Nobiletin ameliorates cisplatin-induced injury via inhibiting ferroptosis. (a–c) Protein levels of cleaved caspase-3 and GPX4 in HEI-OC1 cells treated with cisplatin after pretreatment with Fer-1 or Z-VAD-FMK based on Western blotting (n = 3). The original blots are presented in Supplementary Fig. S3. (d–i) Protein levels of GPX4, SLC7A11, FTH, and FTL in HEI-OC1 cells treated with cisplatin after pretreatment with nobiletin or ferrostatin-1 based on Western blotting (n = 3). The original blots are presented in Supplementary Fig. S4. (j) Levels of GSH measured in HEI-OC1 cells under various treatments (n = 3). (k) Representative images of GPX4 immunofluorescence staining of HEI-OC1 cells under various treatments. (l) Quantitation of intensity levels of GPX4 immunofluorescence shown in (k) (n = 3). (m) Representative images of GPX4 and Myosin 7a immunofluorescence staining of hair cells in different cochlear regions under various treatments. Scale bar = 50 µm. *P < 0.05, **P < 0.01, ***P < 0.001, and ****P < 0.0001 vs. control group; #P < 0.05, ##P < 0.01, ###P < 0.001, and ####P < 0.0001 vs. cisplatin group.

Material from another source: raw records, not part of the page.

(* For any $\phi\in\mathcal{C}$, $$\delta(\phi)(\omega)=\int_0^1\int_{\mathbb{U}}\phi(u,t,\omega)\,\tilde\mu_\omega(du,dt).$$
   Context: Let $\mathbb{U}$ be a Lusin space and $\nu$ a $\sigma$-finite measure on $(\mathbb{U},\mathcal{B}(\mathbb{U}))$ with $\nu(\mathbb{U})=\infty$. $\Omega$ is the set of integer-valued measures $\omega$ on $\mathbb{U}\times[0,1]$ with $\omega(\{(u,t)\})\le1$ and $\omega(A\times[0,1])<\infty$ whenever $\nu(A)<\infty$; $\mu_\omega:=\omega$; $\mathcal{F}_t:=\sigma\{\mu_\omega(A\times(0,s]):s\le t,A\in\mathcal{B}(\mathbb{U})\}$; $\mathbb{P}$ makes $\mu$ a Poisson random measure with intensity $\pi(du,dt)=\nu(du)dt$; $\tilde\mu_\omega:=\mu_\omega-\pi$. For $(u,t)\in\mathbb{U}\times[0,1]$, $\varepsilon^-_{(u,t)}$ removes a mass: $(\varepsilon^-_{(u,t)}\omega)(A):=\omega(A\cap\{(u,t)\}^c)$. For $\phi\in L^1(\pi\times\mathbb{P})$ the divergence is $\delta(\phi)(\omega):=\int_0^1\int_{\mathbb{U}}\phi(u,t,\varepsilon^-_{(u,t)}\omega)\,\tilde\mu_\omega(du,dt)$. $\mathcal{C}$ is the linear span of processes $\phi(u,t,\omega)=1_{(t_0,t_1]}(t)g(u,\omega)$, where $0\le t_0<t_1\le1$, $g$ is bounded and $\mathcal{B}(\mathbb{U})\times\mathcal{F}_{t_0}$-measurable, and $g(u,\omega)1_{U^c}(u)=0$ for some $U\in\mathcal{B}(\mathbb{U})$ with $\nu(U)<\infty$. *)

theory Defs
  imports "HOL-Analysis.Analysis"
begin

text \<open>Lusin space: Hausdorff (type class t2_space) and the image of a Polish space under a
continuous bijection; equivalently (Kechris 7.9) the image of a closed subset of the Baire
space nat => nat under a continuous bijection.\<close>
definition lusin :: "'u::topological_space set \<Rightarrow> bool" where
  "lusin S \<longleftrightarrow> (\<exists>(F::(nat \<Rightarrow> nat) set) (f::(nat \<Rightarrow> nat) \<Rightarrow> 'u).
      closed F \<and> continuous_on F f \<and> bij_betw f F S)"

definition UT :: "('u::topological_space \<times> real) measure" where
  "UT = (borel :: 'u measure) \<Otimes>\<^sub>M restrict_space borel {0..1::real}"

definition Omega :: "'u::topological_space measure \<Rightarrow> ('u \<times> real) measure set" where
  "Omega nu = {\<omega>. sets \<omega> = sets (UT :: ('u \<times> real) measure)
      \<and> (\<forall>A\<in>sets (UT :: ('u \<times> real) measure). emeasure \<omega> A \<in> range of_nat \<union> {\<infinity>})
      \<and> (\<forall>x\<in>space (UT :: ('u \<times> real) measure). emeasure \<omega> {x} \<le> 1)
      \<and> (\<forall>A\<in>sets (borel :: 'u measure). emeasure nu A < \<infinity> \<longrightarrow> emeasure \<omega> (A \<times> {0..1}) < \<infinity>)}"

definition Filt :: "'u::topological_space measure \<Rightarrow> real \<Rightarrow> ('u \<times> real) measure measure" where
  "Filt nu t = sigma (Omega nu)
     {{\<omega> \<in> Omega nu. emeasure \<omega> (A \<times> {0<..s}) \<in> B} | A s B.
        A \<in> sets (borel :: 'u measure) \<and> s \<le> t \<and> B \<in> sets (borel :: ennreal measure)}"

definition pi_int :: "'u::topological_space measure \<Rightarrow> ('u \<times> real) measure" where
  "pi_int nu = nu \<Otimes>\<^sub>M restrict_space lborel {0..1::real}"

definition eps_minus :: "'a \<Rightarrow> 'a measure \<Rightarrow> 'a measure" where
  "eps_minus x \<omega> = measure_of (space \<omega>) (sets \<omega>) (\<lambda>A. emeasure \<omega> (A - {x}))"

definition comp_integral :: "'u::topological_space measure \<Rightarrow> ('u \<times> real) measure
    \<Rightarrow> ('u \<times> real \<Rightarrow> real) \<Rightarrow> real" where
  "comp_integral nu \<omega> f = (\<integral>x. f x \<partial>\<omega>) - (\<integral>x. f x \<partial>(pi_int nu))"

definition delta :: "'u::topological_space measure
    \<Rightarrow> ('u \<Rightarrow> real \<Rightarrow> ('u \<times> real) measure \<Rightarrow> real) \<Rightarrow> ('u \<times> real) measure \<Rightarrow> real" where
  "delta nu \<phi> \<omega> = comp_integral nu \<omega> (\<lambda>(u,t). \<phi> u t (eps_minus (u,t) \<omega>))"

definition elementary :: "'u::topological_space measure
    \<Rightarrow> ('u \<Rightarrow> real \<Rightarrow> ('u \<times> real) measure \<Rightarrow> real) \<Rightarrow> bool" where
  "elementary nu \<phi> \<longleftrightarrow> (\<exists>t0 t1 g U. 0 \<le> t0 \<and> t0 < t1 \<and> t1 \<le> 1
      \<and> (\<exists>B. \<forall>u. \<forall>\<omega>\<in>Omega nu. \<bar>g u \<omega>\<bar> \<le> B)
      \<and> (\<lambda>(u,\<omega>). g u \<omega>) \<in> borel_measurable ((borel :: 'u measure) \<Otimes>\<^sub>M Filt nu t0)
      \<and> U \<in> sets (borel :: 'u measure) \<and> emeasure nu U < \<infinity>
      \<and> (\<forall>u. \<forall>\<omega>\<in>Omega nu. u \<notin> U \<longrightarrow> g u \<omega> = 0)
      \<and> \<phi> = (\<lambda>u t \<omega>. indicator {t0<..t1} t * g u \<omega>))"

inductive_set Cset :: "'u::topological_space measure
    \<Rightarrow> ('u \<Rightarrow> real \<Rightarrow> ('u \<times> real) measure \<Rightarrow> real) set" for nu where
  zero: "(\<lambda>u t \<omega>. 0) \<in> Cset nu"
| add: "elementary nu \<phi> \<Longrightarrow> \<psi> \<in> Cset nu \<Longrightarrow> (\<lambda>u t \<omega>. c * \<phi> u t \<omega> + \<psi> u t \<omega>) \<in> Cset nu"

end

theory Submission imports Defs begin

text \<open>The identity holds pathwise. An elementary process is \<open>1_(t0,t1](t) g(u,\<omega>)\<close> with
\<open>g(u,-)\<close> measurable for \<open>F_t0\<close>, which is generated by the counts \<open>\<omega>(A \<times> (0,s])\<close>,
\<open>s \<le> t0\<close>. For \<open>t > t0\<close> removing the atom at \<open>(u,t)\<close> changes none of these counts, so
\<open>g(u,-)\<close> cannot distinguish the thinned configuration from \<open>\<omega>\<close>; for \<open>t \<le> t0\<close> the
indicator vanishes.\<close>

lemma eps_minus_eq_density:
  assumes S: "space M - {x} \<in> sets M"
  shows "eps_minus x M = density M (indicator (space M - {x}))"
proof -
  let ?D = "density M (indicator (space M - {x}) :: _ \<Rightarrow> ennreal)"
  have emeasure_D: "emeasure ?D A = emeasure M (A - {x})" if A: "A \<in> sets M" for A
  proof -
    have "emeasure ?D A = (\<integral>\<^sup>+ y. indicator (space M - {x}) y * indicator A y \<partial>M)"
      using S A by (intro emeasure_density) auto
    also have "\<dots> = (\<integral>\<^sup>+ y. indicator (A - {x}) y \<partial>M)"
      using sets.sets_into_space[OF A] by (intro nn_integral_cong) (auto simp: indicator_def)
    also have "\<dots> = emeasure M (A - {x})"
      using S A by (intro nn_integral_indicator) (metis Diff_Int2 sets.Int sets.sets_into_space
          Int_absorb1 Diff_Int_distrib2 Int_Diff)
    finally show ?thesis .
  qed
  have "eps_minus x M = measure_of (space M) (sets M) (emeasure ?D)"
    unfolding eps_minus_def
    by (intro measure_of_eq sets.space_closed) (simp add: sets.sigma_sets_eq emeasure_D)
  also have "\<dots> = ?D"
    by (metis measure_of_of_measure sets_density space_density)
  finally show ?thesis .
qed

lemma emeasure_eps_minus:
  assumes "space M - {x} \<in> sets M" and "A \<in> sets M"
  shows "emeasure (eps_minus x M) A = emeasure M (A - {x})"
proof -
  have "A - {x} = (space M - {x}) \<inter> A"
    using sets.sets_into_space[OF assms(2)] by auto
  then show ?thesis
    using assms by (simp add: eps_minus_eq_density emeasure_restricted)
qed

lemma sets_eps_minus [simp]: "sets (eps_minus x M) = sets M"
  unfolding eps_minus_def by simp

lemma emeasure_eps_minus_le:
  assumes "space M - {x} \<in> sets M"
  shows "emeasure (eps_minus x M) A \<le> emeasure M A"
proof (cases "A \<in> sets M")
  case True
  have "A - {x} \<in> sets M"
    using assms True by (metis Diff_Int2 Diff_Int_distrib2 Int_absorb1 sets.Int sets.sets_into_space)
  then show ?thesis
    using assms True by (simp add: emeasure_eps_minus emeasure_mono)
next
  case False
  then show ?thesis by (simp add: emeasure_notin_sets)
qed

lemma space_UT: "space (UT :: ('u::topological_space \<times> real) measure) = UNIV \<times> {0..1}"
  unfolding UT_def by (simp add: space_pair_measure)

lemma sets_UT_singleton:
  assumes "x \<in> space (UT :: ('u::t2_space \<times> real) measure)"
  shows "{x} \<in> sets (UT :: ('u \<times> real) measure)"
proof -
  obtain u t where x: "x = (u,t)" and t: "t \<in> {0..1}"
    using assms by (cases x) (auto simp: space_UT)
  have "{t} \<in> sets (restrict_space borel {0..1::real})"
    using t by (subst sets_restrict_space_iff) auto
  then show ?thesis unfolding UT_def x by (intro sets_Pair) auto
qed

lemma space_Diff_singleton_in_sets:
  assumes "sets M = sets (UT :: ('u::t2_space \<times> real) measure)"
  shows "space M - {x} \<in> sets M"
proof -
  have "space (UT :: ('u \<times> real) measure) - {x} \<in> sets (UT :: ('u \<times> real) measure)"
    using sets_UT_singleton[of x] by (cases "x \<in> space (UT :: ('u \<times> real) measure)") auto
  then show ?thesis
    using assms sets_eq_imp_space_eq[OF assms] by simp
qed

lemma eps_minus_in_Omega:
  fixes nu :: "'u::t2_space measure"
  assumes \<omega>: "\<omega> \<in> Omega nu"
  shows "eps_minus x \<omega> \<in> Omega nu"
proof -
  have sets_\<omega>: "sets \<omega> = sets (UT :: ('u \<times> real) measure)"
    using \<omega> by (simp add: Omega_def)
  note S = space_Diff_singleton_in_sets[OF sets_\<omega>, of x]
  show ?thesis unfolding Omega_def
  proof (intro CollectI conjI ballI impI)
    show "sets (eps_minus x \<omega>) = sets (UT :: ('u \<times> real) measure)"
      using sets_\<omega> by simp
  next
    fix A :: "('u \<times> real) set" assume A: "A \<in> sets (UT :: ('u \<times> real) measure)"
    have "A - {x} \<in> sets \<omega>"
      using A S sets_\<omega> by (metis Diff_Int2 Diff_Int_distrib2 Int_absorb1 sets.Int sets.sets_into_space)
    then show "emeasure (eps_minus x \<omega>) A \<in> range of_nat \<union> {\<infinity>}"
      using \<omega> A S sets_\<omega> by (simp add: emeasure_eps_minus Omega_def)
  next
    fix y assume "y \<in> space (UT :: ('u \<times> real) measure)"
    then show "emeasure (eps_minus x \<omega>) {y} \<le> 1"
      using \<omega> emeasure_eps_minus_le[OF S, of "{y}"] unfolding Omega_def by (blast intro: order_trans)
  next
    fix A :: "'u set" assume "A \<in> sets borel" and "emeasure nu A < \<infinity>"
    then show "emeasure (eps_minus x \<omega>) (A \<times> {0..1}) < \<infinity>"
      using \<omega> emeasure_eps_minus_le[OF S, of "A \<times> {0..1}"] unfolding Omega_def
      by (blast intro: le_less_trans)
  qed
qed

lemma emeasure_eps_minus_eq_if_notin:
  assumes "sets M = sets (UT :: ('u::t2_space \<times> real) measure)" and "x \<notin> A"
  shows "emeasure (eps_minus x M) A = emeasure M A"
proof (cases "A \<in> sets M")
  case True
  then show ?thesis
    using emeasure_eps_minus[OF space_Diff_singleton_in_sets[OF assms(1)] True] assms(2) by simp
next
  case False
  then show ?thesis by (simp add: emeasure_notin_sets)
qed

lemma mem_sigma_sets_iff_if_generators_agree:
  assumes "S \<in> sigma_sets \<Omega> G" "a \<in> \<Omega>" "b \<in> \<Omega>" "\<And>T. T \<in> G \<Longrightarrow> a \<in> T \<longleftrightarrow> b \<in> T"
  shows "a \<in> S \<longleftrightarrow> b \<in> S"
  using assms(1) by induction (use assms(2-4) in auto)

lemma measurable_sigma_eq_if_generators_agree:
  fixes f :: "'a \<Rightarrow> 'b::t1_space"
  assumes f: "f \<in> borel_measurable (sigma \<Omega> G)" and G: "G \<subseteq> Pow \<Omega>"
    and a: "a \<in> \<Omega>" and b: "b \<in> \<Omega>" and agree: "\<And>T. T \<in> G \<Longrightarrow> a \<in> T \<longleftrightarrow> b \<in> T"
  shows "f a = f b"
proof -
  have "f -` {f a} \<inter> space (sigma \<Omega> G) \<in> sets (sigma \<Omega> G)"
    using f by (rule measurable_sets) simp
  then have "f -` {f a} \<inter> \<Omega> \<in> sigma_sets \<Omega> G"
    by (simp only: space_measure_of[OF G] sets_measure_of[OF G])
  then have "b \<in> f -` {f a} \<inter> \<Omega>"
    using mem_sigma_sets_iff_if_generators_agree[OF _ a b agree] a by blast
  then show ?thesis by simp
qed

lemma Filt_measurable_eps_minus_invariant:
  fixes nu :: "'u::t2_space measure"
  assumes f: "f \<in> borel_measurable (Filt nu s)" and \<omega>: "\<omega> \<in> Omega nu" and "s < t"
  shows "f (eps_minus (u,t) \<omega>) = (f \<omega> :: real)"
proof -
  let ?G = "{{\<omega> \<in> Omega nu. emeasure \<omega> (A \<times> {0<..r}) \<in> B} | A r B.
      A \<in> sets (borel :: 'u measure) \<and> r \<le> s \<and> B \<in> sets (borel :: ennreal measure)}"
  have G: "?G \<subseteq> Pow (Omega nu)"
    by auto
  have sets_\<omega>: "sets \<omega> = sets (UT :: ('u \<times> real) measure)"
    using \<omega> by (simp add: Omega_def)
  have counts_agree:
    "emeasure (eps_minus (u,t) \<omega>) (A \<times> {0<..r}) = emeasure \<omega> (A \<times> {0<..r})" if "r \<le> s" for A r
    using \<open>s < t\<close> that by (intro emeasure_eps_minus_eq_if_notin[OF sets_\<omega>]) auto
  have "eps_minus (u,t) \<omega> \<in> T \<longleftrightarrow> \<omega> \<in> T" if "T \<in> ?G" for T
  proof -
    obtain A r B where T: "T = {\<omega> \<in> Omega nu. emeasure \<omega> (A \<times> {0<..r}) \<in> B}" and "r \<le> s"
      using \<open>T \<in> ?G\<close> by blast
    then show ?thesis
      using \<omega> eps_minus_in_Omega[OF \<omega>] counts_agree[of r A] by simp
  qed
  then show ?thesis
    using measurable_sigma_eq_if_generators_agree[OF f[unfolded Filt_def] G eps_minus_in_Omega[OF \<omega>] \<omega>]
    by blast
qed

lemma elementary_eps_minus_invariant:
  fixes nu :: "'u::t2_space measure"
  assumes "elementary nu \<phi>" and \<omega>: "\<omega> \<in> Omega nu"
  shows "\<phi> u t (eps_minus (u,t) \<omega>) = \<phi> u t \<omega>"
proof -
  obtain t0 t1 g where
    g: "(\<lambda>(u,\<omega>). g u \<omega>) \<in> borel_measurable ((borel :: 'u measure) \<Otimes>\<^sub>M Filt nu t0)"
    and \<phi>: "\<phi> = (\<lambda>u t \<omega>. indicator {t0<..t1} t * g u \<omega>)"
    using assms(1) unfolding elementary_def by blast
  have "g u (eps_minus (u,t) \<omega>) = g u \<omega>" if "t0 < t"
    using measurable_Pair2[OF g, of u] \<omega> that
    by (intro Filt_measurable_eps_minus_invariant) auto
  then show ?thesis by (simp add: \<phi> indicator_def)
qed

lemma Cset_eps_minus_invariant:
  fixes nu :: "'u::t2_space measure"
  assumes "\<phi> \<in> Cset nu" and "\<omega> \<in> Omega nu"
  shows "\<phi> u t (eps_minus (u,t) \<omega>) = \<phi> u t \<omega>"
  using assms(1)
proof induction
  case zero
  then show ?case by simp
next
  case (add \<phi> \<psi> c)
  then show ?case using elementary_eps_minus_invariant[OF add(1) assms(2)] by simp
qed

theorem lemma3p1:
  fixes nu :: "'u::t2_space measure"
    and \<phi> :: "'u \<Rightarrow> real \<Rightarrow> ('u \<times> real) measure \<Rightarrow> real"
    and \<omega> :: "('u \<times> real) measure"
  assumes "lusin (UNIV :: 'u set)"
    and "sets nu = sets (borel :: 'u measure)"
    and "sigma_finite_measure nu"
    and "emeasure nu (space nu) = \<infinity>"
    and "\<phi> \<in> Cset nu"
    and "\<omega> \<in> Omega nu"
  shows "delta nu \<phi> \<omega> = comp_integral nu \<omega> (\<lambda>(u,t). \<phi> u t \<omega>)"
  unfolding delta_def using Cset_eps_minus_invariant[OF assms(5,6)] by simp

end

We further explored the impact of nobiletin on cisplatin-induced ferroptosis compared with Fer-1. The results of Western blot and GSH assay demonstrated that the treatment of cisplatin led to a simultaneous reduction in the levels of ferroptosis-related biomarkers in HEI-OC1 cells, including GPX4, solute carrier family 7 member 11 (SLC7A11), ferritin heavy chain (FTH), ferritin light chain (FTL), and glutathione (GSH). However, pretreatment with nobiletin significantly reversed their declines, showing comparable effects as that of Fer-1 (Fig. 6d–j). The immunofluorescence staining was conducted to verify that the cisplatin stimulus weakened the fluorescence intensity of GPX4, while the pretreatment of nobiletin remarkably enhanced the level of GPX4 and effectively alleviated cellular damage in both HEI-OC1 cells and cochlear explants (Fig. 6k–m). These findings indicated that nobiletin ameliorated cisplatin-induced injury via inhibiting ferroptosis.
Validation of targets and signaling pathways associated with the protection of nobiletin against cisplatin-induced ototoxicity using RNA sequencing
Among the approximately 13,765 genes identified by RNA sequencing analysis, a total of 4,250 differentially expressed genes (DEGs) (2,437 up-regulated and 1,813 down-regulated) were revealed between cisplatin and cisplatin-plus-nobiletin groups (Fig. 7a). The cluster analysis of heatmap manifested that genes correlated with autophagy, ferroptosis, and the NRF2 signaling pathway were significantly and differentially expressed between cisplatin and cisplatin-plus-nobiletin groups (Fig. 7b). The top 10 cellular processes of Kyoto Encyclopedia of Genes and Genomes (KEGG) enrichment analysis showed that DEGs were enriched in the autophagy, ferroptosis, and apoptosis pathways (Fig. 7c). The Gene Ontology (GO) annotation analysis showed that among the 10 most prominent GO terms of each GO category, the establishment of localization was the most significant biological process, and the DEGs were mainly annotated in vesicle of cellular components and metal ion binding of molecular functions, respectively (Fig. 7d). The top 30 pathways of KEGG enrichment analysis showed that the DEGs were enriched in the autophagy pathway (Fig. 7e). These findings indicated the pivotal impacts of autophagy and ferroptosis on the protective effect of nobiletin against cisplatin-induced ototoxicity.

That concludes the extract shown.